--- START ---

(* Let $u\equiv0$ and assume $\mathcal R_0<1$. Then $\mathbf 0\in\mathbb R^4$ is globally asymptotically stable in $\mathcal D'=[0,+\infty)^4$ for the system $$\dot E=\beta_E F\Big(1-\frac EK\Big)-(\nu_E+\delta_E)E,\quad \dot M=(1-\nu)\nu_E E-\delta_M M,\quad \dot F=\nu\nu_E E\frac{M}{M+\gamma_sM_s}-\delta_F F,\quad \dot M_s=u-\delta_sM_s.$$
   Context: Parameters: $\beta_E,\nu_E,\delta_E,\delta_M,\delta_F,\delta_s,K>0$, $\nu\in(0,1)$, $\gamma_s\in(0,1]$, and $\delta_s\ge\delta_M$. $\mathcal R_0:=\dfrac{\beta_E\nu\nu_E}{\delta_F(\nu_E+\delta_E)}$. State $z=(E,M,F,M_s)^T\in\mathcal D'$. For a feedback $u:\mathcal D'\to[0,+\infty)$ with $u\in L^\infty_{loc}(\mathcal D')$, write $X(z)$ for the right-hand side above with $u=u(z)$ (its value on the null set $\{M=M_s=0\}$ is irrelevant). Solutions are Filippov solutions: locally Lipschitz curves $z:I\to\mathcal D'$ ($I$ an interval) such that for a.e. $t\in I$, $\dot z(t)\in\bigcap_{\varepsilon>0}\bigcap_{N}\overline{\mathrm{conv}}\,X\big(((z(t)+\varepsilon B)\cap\mathcal D')\setminus N\big)$, where $B$ is the unit ball of $\mathbb R^4$, $N$ ranges over Lebesgue-null subsets of $\mathbb R^4$, and $\overline{\mathrm{conv}}$ denotes the closed convex hull. For $\mathcal S\subset\mathcal D'$, an equilibrium $z_e$ is stable in $\mathcal S$ if for every $\varepsilon>0$ there is $\delta>0$ such that every Filippov solution with $z(0)\in\mathcal S$ and $\|z(0)-z_e\|<\delta$ satisfies $\|z(t)-z_e\|<\varepsilon$ for all $t>0$; it is a global attractor in $\mathcal S$ if every Filippov solution with $z(0)\in\mathcal S$ satisfies $z(t)\to z_e$; it is globally asymptotically stable in $\mathcal S$ if both hold. *)

theory Defs
  imports "HOL-Analysis.Analysis"
begin

text \<open>State z = (E, M, F, M_s) encoded as a vector in real^4 with
  z$1 = E, z$2 = M, z$3 = F, z$4 = M_s.\<close>

definition Dprime :: "(real^4) set" where
  "Dprime = {z. \<forall>i. 0 \<le> z $ i}"

text \<open>Right-hand side X(z) with feedback u = u(z).  The value on the null set
  {M = M_s = 0} (where Isabelle's division by zero gives 0) is irrelevant.\<close>
definition Xfield ::
  "real \<Rightarrow> real \<Rightarrow> real \<Rightarrow> real \<Rightarrow> real \<Rightarrow> real \<Rightarrow> real \<Rightarrow> real \<Rightarrow> real
   \<Rightarrow> (real^4 \<Rightarrow> real) \<Rightarrow> real^4 \<Rightarrow> real^4" where
  "Xfield \<beta>E \<nu>E \<delta>E \<delta>M \<delta>F \<delta>s K \<nu> \<gamma>s u z =
     (\<chi> i. if i = 1 then \<beta>E * z$3 * (1 - z$1 / K) - (\<nu>E + \<delta>E) * z$1
           else if i = 2 then (1 - \<nu>) * \<nu>E * z$1 - \<delta>M * z$2
           else if i = 3 then \<nu> * \<nu>E * z$1 * (z$2 / (z$2 + \<gamma>s * z$4)) - \<delta>F * z$3
           else u z - \<delta>s * z$4)"

definition R0 :: "real \<Rightarrow> real \<Rightarrow> real \<Rightarrow> real \<Rightarrow> real \<Rightarrow> real" where
  "R0 \<beta>E \<nu> \<nu>E \<delta>F \<delta>E = \<beta>E * \<nu> * \<nu>E / (\<delta>F * (\<nu>E + \<delta>E))"

definition filippov_map :: "('a::euclidean_space \<Rightarrow> 'a) \<Rightarrow> 'a set \<Rightarrow> 'a \<Rightarrow> 'a set" where
  "filippov_map X D z =
     (\<Inter>\<epsilon>\<in>{0<..}. \<Inter>N\<in>null_sets lebesgue.
        closure (convex hull (X ` ((cball z \<epsilon> \<inter> D) - N))))"

definition locally_lipschitz_on :: "real set \<Rightarrow> (real \<Rightarrow> 'a::metric_space) \<Rightarrow> bool" where
  "locally_lipschitz_on I z \<longleftrightarrow>
     (\<forall>t\<in>I. \<exists>\<delta>>0. \<exists>L. L-lipschitz_on (ball t \<delta> \<inter> I) z)"

definition filippov_solution ::
  "('a::euclidean_space \<Rightarrow> 'a) \<Rightarrow> 'a set \<Rightarrow> real set \<Rightarrow> (real \<Rightarrow> 'a) \<Rightarrow> bool" where
  "filippov_solution X D I z \<longleftrightarrow>
     is_interval I \<and> (\<forall>t\<in>I. z t \<in> D) \<and> locally_lipschitz_on I z \<and>
     (AE t in lborel. t \<in> I \<longrightarrow>
        (\<exists>v. (z has_vector_derivative v) (at t within I) \<and> v \<in> filippov_map X D (z t)))"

--- END ---

◆ **Your assignment**: The expected response is the material above given again line by line, from its first line to the line holding "text \<open>Right-hand side", inclusive.

◆ **Response area**:
(* Let $u\equiv0$ and assume $\mathcal R_0<1$. Then $\mathbf 0\in\mathbb R^4$ is globally asymptotically stable in $\mathcal D'=[0,+\infty)^4$ for the system $$\dot E=\beta_E F\Big(1-\frac EK\Big)-(\nu_E+\delta_E)E,\quad \dot M=(1-\nu)\nu_E E-\delta_M M,\quad \dot F=\nu\nu_E E\frac{M}{M+\gamma_sM_s}-\delta_F F,\quad \dot M_s=u-\delta_sM_s.$$
   Context: Parameters: $\beta_E,\nu_E,\delta_E,\delta_M,\delta_F,\delta_s,K>0$, $\nu\in(0,1)$, $\gamma_s\in(0,1]$, and $\delta_s\ge\delta_M$. $\mathcal R_0:=\dfrac{\beta_E\nu\nu_E}{\delta_F(\nu_E+\delta_E)}$. State $z=(E,M,F,M_s)^T\in\mathcal D'$. For a feedback $u:\mathcal D'\to[0,+\infty)$ with $u\in L^\infty_{loc}(\mathcal D')$, write $X(z)$ for the right-hand side above with $u=u(z)$ (its value on the null set $\{M=M_s=0\}$ is irrelevant). Solutions are Filippov solutions: locally Lipschitz curves $z:I\to\mathcal D'$ ($I$ an interval) such that for a.e. $t\in I$, $\dot z(t)\in\bigcap_{\varepsilon>0}\bigcap_{N}\overline{\mathrm{conv}}\,X\big(((z(t)+\varepsilon B)\cap\mathcal D')\setminus N\big)$, where $B$ is the unit ball of $\mathbb R^4$, $N$ ranges over Lebesgue-null subsets of $\mathbb R^4$, and $\overline{\mathrm{conv}}$ denotes the closed convex hull. For $\mathcal S\subset\mathcal D'$, an equilibrium $z_e$ is stable in $\mathcal S$ if for every $\varepsilon>0$ there is $\delta>0$ such that every Filippov solution with $z(0)\in\mathcal S$ and $\|z(0)-z_e\|<\delta$ satisfies $\|z(t)-z_e\|<\varepsilon$ for all $t>0$; it is a global attractor in $\mathcal S$ if every Filippov solution with $z(0)\in\mathcal S$ satisfies $z(t)\to z_e$; it is globally asymptotically stable in $\mathcal S$ if both hold. *)

theory Defs
  imports "HOL-Analysis.Analysis"
begin

text \<open>State z = (E, M, F, M_s) encoded as a vector in real^4 with
  z$1 = E, z$2 = M, z$3 = F, z$4 = M_s.\<close>

definition Dprime :: "(real^4) set" where
  "Dprime = {z. \<forall>i. 0 \<le> z $ i}"

text \<open>Right-hand side X(z) with feedback u = u(z).  The value on the null set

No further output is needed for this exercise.